Song by Bonnie McKee
- Released: December 18, 2014
- Recorded: 2014
- Genre: Christmas pop
- Label: Bonnie McKee Music;
- Songwriters: Bonnie McKee; Charlie Puth; Sean Walsh;
- Producer: Sean Walsh

Bonnie McKee chronology
| "American Girl" (2013) | "California Winter" (2014) | "Bombastic" (2015) |

= California Winter (song) =

"California Winter" is a song by American singer-songwriter Bonnie McKee.
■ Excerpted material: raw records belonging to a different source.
lemma piecewise_C1_contraction:
  fixes \<gamma> :: "real \<Rightarrow> real \<times> real"
  assumes "\<gamma> piecewise_C1_differentiable_on {0..1}"
    and deriv: "\<And>u. (k has_real_derivative k' u) (at u)" and "continuous_on UNIV k'"
  shows "contraction c k \<circ> \<gamma> piecewise_C1_differentiable_on {0..1}"
proof -
  obtain S D where "finite S" and cont: "continuous_on {0..1} \<gamma>"
    and D: "\<And>t. t \<in> {0..1} - S \<Longrightarrow> (\<gamma> has_vector_derivative D t) (at t)"
    and "continuous_on ({0..1} - S) D"
    using assms(1) unfolding piecewise_C1_differentiable_on_def C1_differentiable_on_def by blast
  have "continuous_on UNIV k"
    using deriv by (meson DERIV_isCont continuous_at_imp_continuous_on)
  have fst: "continuous_on {0..1} (\<lambda>t. fst (\<gamma> t))" and snd: "continuous_on {0..1} (\<lambda>t. snd (\<gamma> t))"
    using cont by (rule continuous_on_fst, rule continuous_on_snd)
  have "continuous_on {0..1} (\<lambda>t. k (snd (\<gamma> t)))"
    by (rule continuous_on_compose2[OF \<open>continuous_on UNIV k\<close> snd]) simp
  then have cont': "continuous_on {0..1} (contraction c k \<circ> \<gamma>)"
    unfolding contraction_def comp_def
    by (rule continuous_on_Pair[OF continuous_on_mult_left[OF fst]])
  have "continuous_on ({0..1} - S) (\<lambda>t. k' (snd (\<gamma> t)))"
    by (rule continuous_on_compose2[OF \<open>continuous_on UNIV k'\<close> continuous_on_subset[OF snd]]) auto
  then have D': "continuous_on ({0..1} - S) (\<lambda>t. (c * fst (D t), k' (snd (\<gamma> t)) * snd (D t)))"
    using continuous_on_fst[OF \<open>continuous_on ({0..1} - S) D\<close>]
      continuous_on_snd[OF \<open>continuous_on ({0..1} - S) D\<close>]
    by (intro continuous_on_Pair continuous_on_mult_left continuous_on_mult)
  have "\<forall>t\<in>{0..1} - S. (contraction c k \<circ> \<gamma> has_vector_derivative
      (c * fst (D t), k' (snd (\<gamma> t)) * snd (D t))) (at t)"
    using has_vector_derivative_contraction[OF D deriv] by simp
  with D' have "contraction c k \<circ> \<gamma> C1_differentiable_on {0..1} - S"
    unfolding C1_differentiable_on_def by (intro exI[of _ "\<lambda>t. (c * fst (D t), k' (snd (\<gamma> t)) * snd (D t))"]) simp
  with cont' \<open>finite S\<close> show ?thesis
    unfolding piecewise_C1_differentiable_on_def by (intro conjI exI[of _ S]) simp_all
qed
(* Assume (A1)–(A3), let SLPMM be run with parameters satisfying $2\alpha-p\kappa_g^2\sigma>0$, let $K\ge1$ be an integer and $\bar x^K:=\frac1K\sum_{k=0}^{K-1}x^k$. Then for each $i=1,\dots,p$, $$\mathbb E[g_i(\bar x^K)]\le\frac{1}{\sigma K}\mathbb E[\lambda_i^K]+\frac{\kappa_g}{\alpha}\big(\kappa_f+\sqrt p\,\nu_g\kappa_g\sigma\big)+\frac{\sqrt p\,\kappa_g^2}{\alpha K}\sum_{k=0}^{K-1}\mathbb E[\|\lambda^k\|].$$
   Context: Let $\mathcal C\subset\mathbb R^n$ be a nonempty compact convex set. Let $\xi$ be a random vector whose distribution is supported on $\Xi\subseteq\mathbb R^q$, and let $F:\mathcal C\times\Xi\to\mathbb R$ and $G_i:\mathcal C\times\Xi\to\mathbb R$ ($i=1,\dots,p$) be such that $F(\cdot,\xi)$, $G_i(\cdot,\xi)$ are convex and continuous on $\mathcal C$ for every $\xi$, and $f(x):=\mathbb E[F(x,\xi)]$, $g_i(x):=\mathbb E[G_i(x,\xi)]$ are finite on $\mathcal C$. Write $G=(G_1,\dots,G_p)^T$. Stochastic subgradients: $v_0(x,\xi)\in\partial_xF(x,\xi)$, $v_i(x,\xi)\in\partial_xG_i(x,\xi)$. $[t]_+=\max\{t,0\}$, $[t]_+^2=(\max\{t,0\})^2$. SLPMM: fix $\sigma,\alpha>0$, $x^0\in\mathcal C$, $\lambda^0=0\in\mathbb R^p$, i.i.d. copies $\xi^0,\xi^1,\dots$ of $\xi$. For $k\ge0$, $x^{k+1}=\arg\min_{x\in\mathcal C}\{\mathcal L^k_\sigma(x,\lambda^k)+\frac{\alpha}{2}\|x-x^k\|^2\}$ with $\mathcal L^k_\sigma(x,\lambda):=F(x^k,\xi^k)+\langle v_0(x^k,\xi^k),x-x^k\rangle+\frac{1}{2\sigma}[\sum_{i=1}^p[\lambda_i+\sigma(G_i(x^k,\xi^k)+\langle v_i(x^k,\xi^k),x-x^k\rangle)]_+^2-\|\lambda\|^2]$, and $\lambda_i^{k+1}=[\lambda_i^k+\sigma(G_i(x^k,\xi^k)+\langle v_i(x^k,\xi^k),x^{k+1}-x^k\rangle)]_+$. Assumptions: (A1) $\|x'-x''\|\le R$ on $\mathcal C$. (A2) $\|G(x,\xi)\|\le\nu_g$ for all $x\in\mathcal C,\xi\in\Xi$. (A3) $\|v_0(x,\xi)\|\le\kappa_f$, $\|v_i(x,\xi)\|\le\kappa_g$ for all $x,\xi$. *)

theory Defs
  imports "HOL-Probability.Probability"
begin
The song was independently released to digital outlets on December 18, 2014.

It was McKee's first independent release since leaving Epic Records.
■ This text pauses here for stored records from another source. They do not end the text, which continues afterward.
(* Let $p$ be an odd prime, let $r=(p-1)/2$, let $\zeta_p=e^{2\pi i/p}$, and let $\varepsilon=(-1)^{(p-1)/2}$. Let $Q$ be either $Q_1(x)=x^2/p$ or $Q_2(x)=cx^2/p$ with $c$ a fixed quadratic non-residue modulo $p$ (viewed as functions $\mathbb{Z}/p\mathbb{Z}\to\mathbb{Q}/\mathbb{Z}$). For $0\le j\le r$ put $\theta_j=e^{2\pi i Q(j)}$, let $T=\operatorname{diag}(\theta_0,\theta_1,\dots,\theta_r)$ be the $(r+1)\times(r+1)$ diagonal matrix, and let $V_Q$ be the $(r+1)\times(r+1)$ Vandermonde matrix whose $(j,k)$ entry is $\theta_j^{\,k}$ for $0\le j,k\le r$ (it is invertible since the $\theta_j$ are pairwise distinct). Then every entry of $T'=V_Q^{-1}TV_Q$ lies in $\mathbb{Z}\left[\frac{1}{2}(1+\sqrt{\varepsilon p})\right]$, the ring of integers of $\mathbb{Q}(\sqrt{\varepsilon p})$.
   Context: Here $\sqrt{\varepsilon p}$ denotes $\sqrt{p}$ if $p\equiv 1 \pmod 4$ and $\sqrt{-p}=i\sqrt p$ if $p\equiv 3\pmod 4$; equivalently $\sqrt{\varepsilon p}=\sum_{x\in\mathbb{Z}/p\mathbb{Z}}\zeta_p^{x^2}$. *)

theory Defs
  imports "HOL-Number_Theory.Number_Theory" "Jordan_Normal_Form.Gauss_Jordan_Elimination"
begin

definition sqrt_eps :: "nat \<Rightarrow> complex" where
  "sqrt_eps p = (if p mod 4 = 1 then complex_of_real (sqrt (real p))
                 else \<i> * complex_of_real (sqrt (real p)))"

definition quad_ring :: "nat \<Rightarrow> complex set" where
  "quad_ring p = {of_int a + of_int b * ((1 + sqrt_eps p) / 2) | a b :: int. True}"

definition theta :: "nat \<Rightarrow> int \<Rightarrow> nat \<Rightarrow> complex" where
  "theta p c j = cis (2 * pi * of_int (c * int j ^ 2) / real p)"

definition T_mat :: "nat \<Rightarrow> int \<Rightarrow> complex mat" where
  "T_mat p c = mat ((p - 1) div 2 + 1) ((p - 1) div 2 + 1)
      (\<lambda>(j, k). if j = k then theta p c j else 0)"

definition V_mat :: "nat \<Rightarrow> int \<Rightarrow> complex mat" where
  "V_mat p c = mat ((p - 1) div 2 + 1) ((p - 1) div 2 + 1)
      (\<lambda>(j, k). theta p c j ^ k)"

end

(*
  T V = V C, where V is the Vandermonde matrix of the theta_j and C is the companion matrix
  of P(X) = prod_j (X - theta_j); so V^-1 T V = C and it suffices that the coefficients of P lie
  in Z[(1 + sqrt(eps p))/2].  With zeta = exp(2 pi i/p) we have theta_j = zeta^(c j^2), and the
  exponents c j^2 mod p (0 <= j <= (p-1)/2) form a set A that is stable under multiplication by
  quadratic residues.  Up to sign, the coefficient of X^i is the sum of zeta^(sum S) over the
  subsets S of A of size |A| - i; multiplying by a quadratic residue permutes these subsets, so
  the number of them with sum S = k (mod p) depends only on the Legendre symbol of k.  Hence the
  coefficient is an integer combination of 1, the Gaussian period eta = sum of zeta^k over the
  quadratic residues k, and the analogous sum over the non-residues, which is -1 - eta.  The Gauss
  sum 2 eta + 1 squares to eps p, so eta = (+-sqrt(eps p) - 1)/2 lies in the ring.
*)

theory Submission
  imports Defs "HOL-Computational_Algebra.Polynomial" "Jordan_Normal_Form.Determinant"
begin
On December 18, 2024, ten years later its original release, and in the wave of new releases by McKee following the launch of her long-awaited sophomore album, Hot City, the American singer released a Christmas EP, titled after the track, featuring it as in both the original version and also as a re-recorded duet with American country singer Matt Rogers, plus other four tracks, including a cover of Canadian singer and songwriter Leonard Cohen's 1984 single and posterior signature hit, "Hallelujah," and two cover versions of the 1944 Christmas classic ballad first introduced by Judy Garland, "Have Yourself a Merry Little Christmas", being one close to Garland's original and the other with explicit lyrics, through streaming music platforms.

==Music video==
The music video for "California Winter" was released on December 20, 2014. Directed by Dan O'Sullivan, the video was filmed in a single continuous shot. Preparation for the shoot began less than a week prior, with the choreography learned the day before and costumes finalized on the day of filming. The team transformed an empty room into a festive set, completing six takes, with the final cut being the last take. McKee described the effort as a "Christmas Miracle".

A year later in 2015, a remixed music video was released in a variety special titled "California Winter Extravaganza".

==Reception==
Michelle McGahan of PopCrush praised "California Winter" as an upbeat, festive track, highlighting its potential to become a holiday season favorite in 2014. Critics have noted the song's bubbly nature, festive elements like references to "cinnamon candles," and prominent jingle bells. McGahan compared McKee's vocal performance to a mix of Ariana Grande, Katy Perry, and Cyndi Lauper.